[Saved entries]
lemma cot_coeff_ge: "k \<ge> 1 \<Longrightarrow> cot_coeff k \<ge> 1 / (2 * fact (2 * k))"
proof (induction k rule: less_induct)
  case (less k)
  consider "k = 1" | "k = 2" | "k \<ge> 3"
    using less.prems by linarith
  thus ?case
  proof cases
    case 1
    thus ?thesis by simp
  next
    case 2
    thus ?thesis
      using cot_coeff_recurrence[of 2] by (simp add: eval_nat_numeral)
  next
    case 3
    then obtain n where n: "k = Suc n" "n \<ge> 2" by (cases k) auto
    have "cot_coeff 1 * cot_coeff (k - 1) \<le> (\<Sum>j=1..n. cot_coeff j * cot_coeff (k - j))"
    proof (rule member_le_sum)
      fix j assume "j \<in> {1..n} - {1}"
      hence "1 \<le> j" "1 \<le> k - j" using n by auto
      thus "0 \<le> cot_coeff j * cot_coeff (k - j)"
        using cot_coeff_pos by (simp add: less_imp_le)
    qed (use n in auto)
    moreover have "1 / 3 * (1 / (2 * fact (2 * n))) \<le> cot_coeff 1 * cot_coeff (k - 1)"
      using n less.IH[of n] by simp
    moreover have "(2 * real k + 1) * (1 / (2 * fact (2 * k))) \<le> 1 / 3 * (1 / (2 * fact (2 * n)))"
      using fact_add_two_ge[OF n(2)] n(1) by (simp add: divide_simps)
    moreover have "(2 * real k + 1) * cot_coeff k = (\<Sum>j=1..n. cot_coeff j * cot_coeff (k - j))"
      using cot_coeff_recurrence[of k] n by simp
    ultimately have "(2 * real k + 1) * (1 / (2 * fact (2 * k))) \<le> (2 * real k + 1) * cot_coeff k"
      by linarith
    thus ?thesis by (rule mult_left_le_imp_le) simp
  qed
qed

text \<open>The coefficient of \<open>x\<^sup>2\<^sup>k\<close> in \<open>x / sin x\<close>: the coefficients of
  \<open>x / sinh x = 2 (x/2) coth (x/2) - x coth x\<close>, with alternating signs.\<close>
definition xcsc_coeff :: "nat \<Rightarrow> real" where
  "xcsc_coeff k = (-1) ^ k * (2 - 4 ^ k) * xcoth_coeff (2 * k)"

lemma xcsc_coeff_0 [simp]: "xcsc_coeff 0 = 1"
  by (simp add: xcsc_coeff_def)

lemma xcsc_coeff_eq_cot_coeff: "xcsc_coeff k = (1 - 2 / 4 ^ k) * cot_coeff k"
  unfolding xcsc_coeff_def xcoth_coeff_even by (cases "even k") (simp_all add: field_simps)

lemma xcsc_coeff_nonneg: "0 \<le> xcsc_coeff k"
proof (cases "k = 0")
  case False
  hence "(4::real) ^ 1 \<le> 4 ^ k" by (intro power_increasing) auto
  thus ?thesis using False cot_coeff_pos[of k] by (simp add: xcsc_coeff_eq_cot_coeff)
qed simp

lemma xcsc_coeff_le: "xcsc_coeff k \<le> 2 / 6 ^ k"
proof (cases "k = 0")
  case False
  hence "xcsc_coeff k \<le> cot_coeff k"
    using cot_coeff_pos[of k] by (simp add: xcsc_coeff_eq_cot_coeff)
  thus ?thesis using cot_coeff_le[of k] False by simp
qed simp

lemma xcsch_fps_mult_sinh:
  "(2 * xcoth_fps - (xcoth_fps oo (fps_const 2 * fps_X))) * (fps_exp 1 - fps_exp (-1)) = 2 * fps_X"
proof -
  let ?E = "fps_exp 1 :: real fps" and ?c = "fps_const 2 * fps_X :: real fps"
  have "(2 * xcoth_fps * (?E - 1)) oo ?c = (fps_X * (?E + 1)) oo ?c"
    by (simp only: xcoth_fps_mult_exp)
  hence "2 * (xcoth_fps oo ?c) * (?E * ?E - 1) = 2 * fps_X * (?E * ?E + 1)"
    by (simp add: fps_compose_mult_distrib fps_compose_sub_distrib fps_compose_add_distrib
        numeral_fps_const flip: fps_exp_add_mult)
  moreover have "fps_exp (-1) * ?E = 1"
    by (simp flip: fps_exp_add_mult)
  ultimately show ?thesis
    using xcoth_fps_mult_exp by algebra
qed

lemma xcsc_sinc_convolution:
  "(\<Sum>j\<le>N. xcsc_coeff j * ((-1) ^ (N - j) / fact (2 * (N - j) + 1))) = (if N = 0 then 1 else 0)"
proof -
  let ?S = "2 * xcoth_fps - (xcoth_fps oo (fps_const 2 * fps_X))"
    and ?D = "fps_exp 1 - fps_exp (-1) :: real fps"
  have S: "?S $ i = (2 - 2 ^ i) * xcoth_coeff i" for i
    by (simp add: xcoth_fps_def numeral_fps_const left_diff_distrib)
  have D: "?D $ (2 * m + 1) = 2 / fact (2 * m + 1)" for m
    by (simp add: diff_divide_distrib algebra_simps)
  have "(if N = 0 then 2 else 0) = (2 * fps_X :: real fps) $ (2 * N + 1)"
    by (simp add: numeral_fps_const)
  also have "\<dots> = (\<Sum>i=0..2*N+1. ?S $ i * ?D $ (2 * N + 1 - i))"
    by (simp only: xcsch_fps_mult_sinh [symmetric] fps_mult_nth)
  also have "\<dots> = (\<Sum>j | 2 * j \<in> {0..2*N+1}. ?S $ (2 * j) * ?D $ (2 * N + 1 - 2 * j))"
    by (rule sum_even_indices) (auto simp: S xcoth_coeff_odd)
  also have "{j. 2 * j \<in> {0..2*N+1}} = {..N}" by auto
  also have "(\<Sum>j\<le>N. ?S $ (2 * j) * ?D $ (2 * N + 1 - 2 * j))
      = (\<Sum>j\<le>N. 2 * ((-1) ^ N * (xcsc_coeff j * ((-1) ^ (N - j) / fact (2 * (N - j) + 1)))))"
  proof (rule sum.cong)
    fix j assume "j \<in> {..N}"
    hence j: "2 * N + 1 - 2 * j = 2 * (N - j) + 1" "(-1::real) ^ j * (-1) ^ (N - j) = (-1) ^ N"
      by (auto simp flip: power_add)
    have "(-1) ^ N * (xcsc_coeff j * ((-1) ^ (N - j) / fact (2 * (N - j) + 1)))
        = ((-1) ^ N * ((-1) ^ j * (-1) ^ (N - j)))
            * ((2 - 4 ^ j) * xcoth_coeff (2 * j) / fact (2 * (N - j) + 1))"
      by (simp add: xcsc_coeff_def)
    also have "(-1::real) ^ N * ((-1) ^ j * (-1) ^ (N - j)) = 1"
      unfolding j(2) by (simp flip: power_mult_distrib)
    finally show "?S $ (2 * j) * ?D $ (2 * N + 1 - 2 * j)
        = 2 * ((-1) ^ N * (xcsc_coeff j * ((-1) ^ (N - j) / fact (2 * (N - j) + 1))))"
      unfolding j(1) S D by (simp add: power_mult)
  qed simp
  finally have "(if N = 0 then 2 else 0)
      = 2 * ((-1) ^ N * (\<Sum>j\<le>N. xcsc_coeff j * ((-1) ^ (N - j) / fact (2 * (N - j) + 1))))"
    by (simp only: sum_distrib_left)
  thus ?thesis
    by (cases "N = 0") simp_all
qed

= TASK TO COMPLETE =
What is asked for is an exact copy of the lines above from the one containing "using n less.IH[of n] by simp" through the one containing "using cot_coeff_pos[of k]", and only those.

= ANSWER SPACE =
      using n less.IH[of n] by simp
    moreover have "(2 * real k + 1) * (1 / (2 * fact (2 * k))) \<le> 1 / 3 * (1 / (2 * fact (2 * n)))"
      using fact_add_two_ge[OF n(2)] n(1) by (simp add: divide_simps)
    moreover have "(2 * real k + 1) * cot_coeff k = (\<Sum>j=1..n. cot_coeff j * cot_coeff (k - j))"
      using cot_coeff_recurrence[of k] n by simp
    ultimately have "(2 * real k + 1) * (1 / (2 * fact (2 * k))) \<le> (2 * real k + 1) * cot_coeff k"
      by linarith
    thus ?thesis by (rule mult_left_le_imp_le) simp
  qed
qed

text \<open>The coefficient of \<open>x\<^sup>2\<^sup>k\<close> in \<open>x / sin x\<close>: the coefficients of
  \<open>x / sinh x = 2 (x/2) coth (x/2) - x coth x\<close>, with alternating signs.\<close>
definition xcsc_coeff :: "nat \<Rightarrow> real" where
  "xcsc_coeff k = (-1) ^ k * (2 - 4 ^ k) * xcoth_coeff (2 * k)"

lemma xcsc_coeff_0 [simp]: "xcsc_coeff 0 = 1"
  by (simp add: xcsc_coeff_def)

lemma xcsc_coeff_eq_cot_coeff: "xcsc_coeff k = (1 - 2 / 4 ^ k) * cot_coeff k"
  unfolding xcsc_coeff_def xcoth_coeff_even by (cases "even k") (simp_all add: field_simps)

lemma xcsc_coeff_nonneg: "0 \<le> xcsc_coeff k"
proof (cases "k = 0")
  case False
  hence "(4::real) ^ 1 \<le> 4 ^ k" by (intro power_increasing) auto
  thus ?thesis using False cot_coeff_pos[of k] by (simp add: xcsc_coeff_eq_cot_coeff)
qed simp

lemma xcsc_coeff_le: "xcsc_coeff k \<le> 2 / 6 ^ k"
proof (cases "k = 0")
  case False
  hence "xcsc_coeff k \<le> cot_coeff k"
    using cot_coeff_pos[of k] by (simp add: xcsc_coeff_eq_cot_coeff)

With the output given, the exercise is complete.